We just asked the local taxi driver, 'Where is a good place to see the sunrise from?' Nice was fairly easily accessible. It had good mountain scenery and I figured we might get a good clear sunrise down there. It was the right time of the year. We all piled in the taxi and drove up into the mountains behind Nice. It took us about an hour and sunrise was in about half an hour. We unpacked the stuff from the boot, loaded up his camera, set up the tripod where we knew the sun would rise, and waited in the freezing cold. I had a big long black coat on and we just waited until the the sun arose. And I just danced around and he filmed it.
I just ad-libbed the whole thing. I went, 'Right, get over there: Let me dance. Let me jump from this rock to this rock. Get a lot of the sun rising. Get a perfect shot and let me stand in front of it.' I just had a little Philips cassette to mime to and roughly get the feeling of the song. There was no clapper because there was no sound. Just my cassette. I said, 'We'll lay in the sound of "Fool on the Hill" afterwards.' I'm miming sometimes, but of course it should be in synch, that's what clappers are for. I didn't know these small technicalities, and also I wasn't that interested in being that precise.
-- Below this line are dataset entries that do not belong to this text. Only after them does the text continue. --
text \<open>The map sending \<open>f\<close> to its value at \<open>z\<close> and its Laplacian on \<open>V - {z}\<close> is injective
  on functions supported on \<open>V\<close>, hence onto; the Laplacian at \<open>z\<close> then comes out right
  because both \<open>c\<close> and the Laplacian sum to zero over \<open>V\<close>.\<close>

lemma grounded_potential_exists:
  assumes "z \<in> V" and "(\<Sum>w\<in>V. c w) = 0"
  shows "\<exists>f. grounded_potential V E ends len z c f"
proof -
  define S where "S = {f :: 'v \<Rightarrow> real. \<forall>w. w \<notin> V \<longrightarrow> f w = 0}"
  define T where "T f = (\<lambda>w. if w \<in> V then if w = z then f z else lap E ends len f w else 0)"
    for f :: "'v \<Rightarrow> real"
  have "T ` S = S"
    unfolding S_def
  proof (rule finite_support_linear_image_eq[OF finite_vertices])
    show "T (f + g) = T f + T g" for f g
      by (auto simp: T_def fun_eq_iff lap_add)
    show "T (\<lambda>x. r * f x) = (\<lambda>x. r * T f x)" for r f
      using lap_linear[of E ends len r f 0 f] by (auto simp: T_def fun_eq_iff)
    show "f = 0" if "f \<in> {f. \<forall>w. w \<notin> V \<longrightarrow> f w = 0}" and "T f = 0" for f
    proof -
      have "lap E ends len f w = 0" if "w \<in> V - {z}" for w
        using fun_cong[OF \<open>T f = 0\<close>, of w] that by (simp add: T_def)
      moreover have "f z = 0"
        using fun_cong[OF \<open>T f = 0\<close>, of z] \<open>z \<in> V\<close> by (simp add: T_def)
      ultimately have "f w = 0" if "w \<in> V" for w
        using harmonic_off_vertex_imp_const[of z f w] \<open>z \<in> V\<close> that by simp
      then show ?thesis
        using that(1) by (auto simp: fun_eq_iff)
    qed
  qed (auto simp: T_def)
  define c' where "c' w = (if w \<in> V \<and> w \<noteq> z then c w else 0)" for w
  have "c' \<in> T ` S"
    using \<open>T ` S = S\<close> by (simp add: S_def c'_def)
  then obtain f where f: "f \<in> S" "T f = c'"
    by blast
  have lap_f: "lap E ends len f w = c w" if "w \<in> V" "w \<noteq> z" for w
    using fun_cong[OF f(2), of w] that by (simp add: T_def c'_def)
  have "lap E ends len f z = c z"
    using lap_at_vertex_eq[OF \<open>z \<in> V\<close>] sum.remove[OF finite_vertices \<open>z \<in> V\<close>, of c] assms(2) lap_f
    by simp
  moreover have "f z = 0"
    using fun_cong[OF f(2), of z] \<open>z \<in> V\<close> by (simp add: T_def c'_def)
  ultimately show ?thesis
    using f(1) lap_f unfolding grounded_potential_def S_def by blast
qed

lemma jfun_grounded_potential:
  assumes "y \<in> V" "z \<in> V"
  shows "grounded_potential V E ends len z (dipole y z) (\<lambda>x. jfun V E ends len z x y)"
proof -
  have "\<exists>!f. grounded_potential V E ends len z (dipole y z) f"
    using grounded_potential_exists[OF \<open>z \<in> V\<close>] grounded_potential_unique[OF \<open>z \<in> V\<close>]
      sum_mult_dipole[OF finite_vertices assms, of "\<lambda>_. 1"] by auto
  then show ?thesis
    unfolding jfun_eq_The_grounded_potential by (rule theI')
qed

lemma lap_jfun:
  "y \<in> V \<Longrightarrow> z \<in> V \<Longrightarrow> w \<in> V \<Longrightarrow> lap E ends len (\<lambda>x. jfun V E ends len z x y) w = dipole y z w"
  using jfun_grounded_potential unfolding grounded_potential_def by blast

lemma jfun_ground: "y \<in> V \<Longrightarrow> z \<in> V \<Longrightarrow> jfun V E ends len z z y = 0"
  using jfun_grounded_potential unfolding grounded_potential_def by blast

lemma jfun_eqI:
  assumes "x \<in> V" "y \<in> V" "z \<in> V" and lap_f: "\<forall>w\<in>V. lap E ends len f w = dipole y z w"
  shows "jfun V E ends len z x y = f x - f z"
proof -
  define g where "g w = (if w \<in> V then f w - f z else 0)" for w
  have "grounded_potential V E ends len z (dipole y z) g"
    unfolding grounded_potential_def
  proof (intro conjI ballI allI impI)
    fix w
    have "lap E ends len g w = lap E ends len (\<lambda>w. f w - f z) w"
      by (rule lap_cong) (simp add: g_def)
    then show "w \<in> V \<Longrightarrow> lap E ends len g w = dipole y z w"
      using lap_f by (simp add: lap_diff_const)
  qed (simp_all add: g_def \<open>z \<in> V\<close>)
  then have "(\<lambda>x. jfun V E ends len z x y) = g"
    by (rule grounded_potential_unique[OF \<open>z \<in> V\<close> jfun_grounded_potential[OF \<open>y \<in> V\<close> \<open>z \<in> V\<close>]])
  then show ?thesis
    using \<open>x \<in> V\<close> by (simp add: g_def fun_eq_iff)
qed

lemma jfun_source_ground:
  assumes "x \<in> V" "z \<in> V"
  shows "jfun V E ends len z x z = 0"
proof -
  have "\<forall>w\<in>V. lap E ends len (\<lambda>_. 0) w = dipole z z w"
    by (simp add: dipole_def lap_eq_0_if_const_on_edges)
  from jfun_eqI[OF assms(1,2,2) this] show ?thesis
    by simp
qed

lemma jfun_sym:
  assumes "x \<in> V" "y \<in> V" "z \<in> V"
  shows "jfun V E ends len z x y = jfun V E ends len z y x"
proof -
  have "(\<Sum>w\<in>V. jfun V E ends len z w x * dipole y z w) = (\<Sum>w\<in>V. jfun V E ends len z w y * dipole x z w)"
    using green_sym[of "\<lambda>w. jfun V E ends len z w x" "\<lambda>w. jfun V E ends len z w y"] assms
    by (simp add: lap_jfun)
  then show ?thesis
    using assms by (simp add: sum_mult_dipole[OF finite_vertices] jfun_ground)
qed

lemma jfun_reground:
  assumes "x \<in> V" "y \<in> V" "z \<in> V" "z' \<in> V"
  shows "jfun V E ends len z' x y
           = jfun V E ends len z x y - jfun V E ends len z x z'
             - jfun V E ends len z z' y + jfun V E ends len z z' z'"
proof -
  have "\<forall>w\<in>V. lap E ends len (\<lambda>w. jfun V E ends len z w y - jfun V E ends len z w z') w
               = dipole y z' w"
    using assms by (simp add: lap_diff lap_jfun dipole_def)
  from jfun_eqI[OF assms(1,2,4) this] show ?thesis
    by simp
qed

lemma resist_pos:
  assumes "x \<in> V" "y \<in> V" "x \<noteq> y"
  shows "resist V E ends len x y > 0"
proof -
  define u where "u w = jfun V E ends len y w x" for w
  have energy: "(\<Sum>w\<in>V. u w * lap E ends len u w) = resist V E ends len x y"
    using assms unfolding u_def
    by (simp add: lap_jfun sum_mult_dipole[OF finite_vertices] jfun_ground resist_def)
  have "resist V E ends len x y \<noteq> 0"
  proof
    assume "resist V E ends len x y = 0"
    then have "\<forall>e\<in>E. u (fst (ends e)) = u (snd (ends e))"
      using energy energy_eq_0_imp_const_on_edges by simp
    then have "lap E ends len u x = 0"
      by (rule lap_eq_0_if_const_on_edges)
    moreover have "lap E ends len u x = 1"
      using assms unfolding u_def by (simp add: lap_jfun dipole_def)
    ultimately show False
      by simp
  qed
  then show ?thesis
    using energy energy_nonneg[of u] by linarith
qed

lemma resist_eq_jfun_ground:
  assumes "x \<in> V" "y \<in> V" "z \<in> V"
  shows "resist V E ends len x y
           = resist V E ends len x z + resist V E ends len y z - 2 * jfun V E ends len z x y"
  using jfun_reground[OF assms(1,1,3,2)] jfun_sym[OF assms(2,1,3)] unfolding resist_def by simp

lemma resist_ident:
  assumes "p \<in> V" "q \<in> V" "s \<in> V" "p \<noteq> q"
  shows "resist (V - {q}) E (ident_ends p q ends) len p (ident p q s)
           = jfun V E ends len s p q
             + (resist V E ends len p s - jfun V E ends len s p q)
               * (resist V E ends len q s - jfun V E ends len s p q) / resist V E ends len p q"
proof -
  interpret glued: resistive_network "V - {q}" E "ident_ends p q ends" len
    by unfold_locales (rule metrized_graph_ident[OF graph assms(1,4)])
  define X Y J R where "X = resist V E ends len p s" and "Y = resist V E ends len q s"
    and "J = jfun V E ends len s p q" and "R = resist V E ends len p q"
  show ?thesis
  proof (cases "s = q")
    case True
    have "resist (V - {q}) E (ident_ends p q ends) len p p = 0"
      using assms glued.jfun_ground[of p p] by (simp add: resist_def)
    moreover have "Y = 0" "J = 0"
      using assms True jfun_ground jfun_source_ground by (simp_all add: Y_def J_def resist_def)
    ultimately show ?thesis
      using True unfolding X_def[symmetric] Y_def[symmetric] J_def[symmetric] by (simp add: ident_def)
  next
    case False
    define a where "a = (Y - J) / R"
    define \<phi> where "\<phi> x = a * jfun V E ends len s x p + (1 - a) * jfun V E ends len s x q" for x
    have R: "R = X + Y - 2 * J"
      using resist_eq_jfun_ground[OF assms(1,2,3)] by (simp add: R_def X_def Y_def J_def)
    have "R \<noteq> 0"
      using resist_pos[OF assms(1,2,4)] by (simp add: R_def)
    then have "a * R = Y - J"
      by (simp add: a_def)
    moreover have "\<phi> q - \<phi> p = (Y - J) - a * R"
      using jfun_sym[OF assms(2,1,3)] unfolding \<phi>_def R
      by (simp add: X_def Y_def J_def resist_def algebra_simps)
    ultimately have \<phi>_glued: "\<phi> q = \<phi> p"
      by simp
    have "\<forall>w\<in>V - {q}. lap E (ident_ends p q ends) len \<phi> w = dipole p s w"
    proof
      fix w assume w: "w \<in> V - {q}"
      have "lap E (ident_ends p q ends) len \<phi> w
          = lap E ends len \<phi> w + (if w = p then lap E ends len \<phi> q else 0)"
        using w assms(4) \<phi>_glued by (intro lap_ident) auto
      also have "\<dots> = (a * dipole p s w + (1 - a) * dipole q s w)
             + (if w = p then a * dipole p s q + (1 - a) * dipole q s q else 0)"
        using w assms unfolding \<phi>_def lap_linear by (simp add: lap_jfun)
      also have "\<dots> = dipole p s w"
        using False w assms(4) by (auto simp: dipole_def algebra_simps)
      finally show "lap E (ident_ends p q ends) len \<phi> w = dipole p s w" .
    qed
    then have "resist (V - {q}) E (ident_ends p q ends) len p s = \<phi> p - \<phi> s"
      unfolding resist_def using assms False by (intro glued.jfun_eqI) auto
    also have "\<dots> = a * X + (1 - a) * J"
      using assms by (simp add: \<phi>_def X_def J_def resist_def jfun_ground)
    also have "\<dots> = J + a * (X - J)"
      by (simp add: algebra_simps)
    also have "\<dots> = J + (X - J) * (Y - J) / R"
      by (simp add: a_def)
    finally show ?thesis
      using False by (simp add: ident_def X_def Y_def J_def R_def)
  qed
qed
We stayed until the sun went down. As the day went on, the light got worse. It got to be harsh daylight, so we got less material in the daytime. We basically used all the dawn stuff. And that was it. It was very spontaneous, as was the whole of Magical Mystery Tour. Later, when we came to try to edit it all, it was very difficult because I hadn't sung it to synch.
We shouldn't have really had just one cameraman, it was anti-union. That was another reason to go to France. The unions wouldn't have allowed it in Britain, nor probably in France, but they didn't know we were doing it. It was just the four of us; there was none of this grips, best boy, gaffer, none of that. In fact, our biggest danger was that the film didn't conform with one union rule.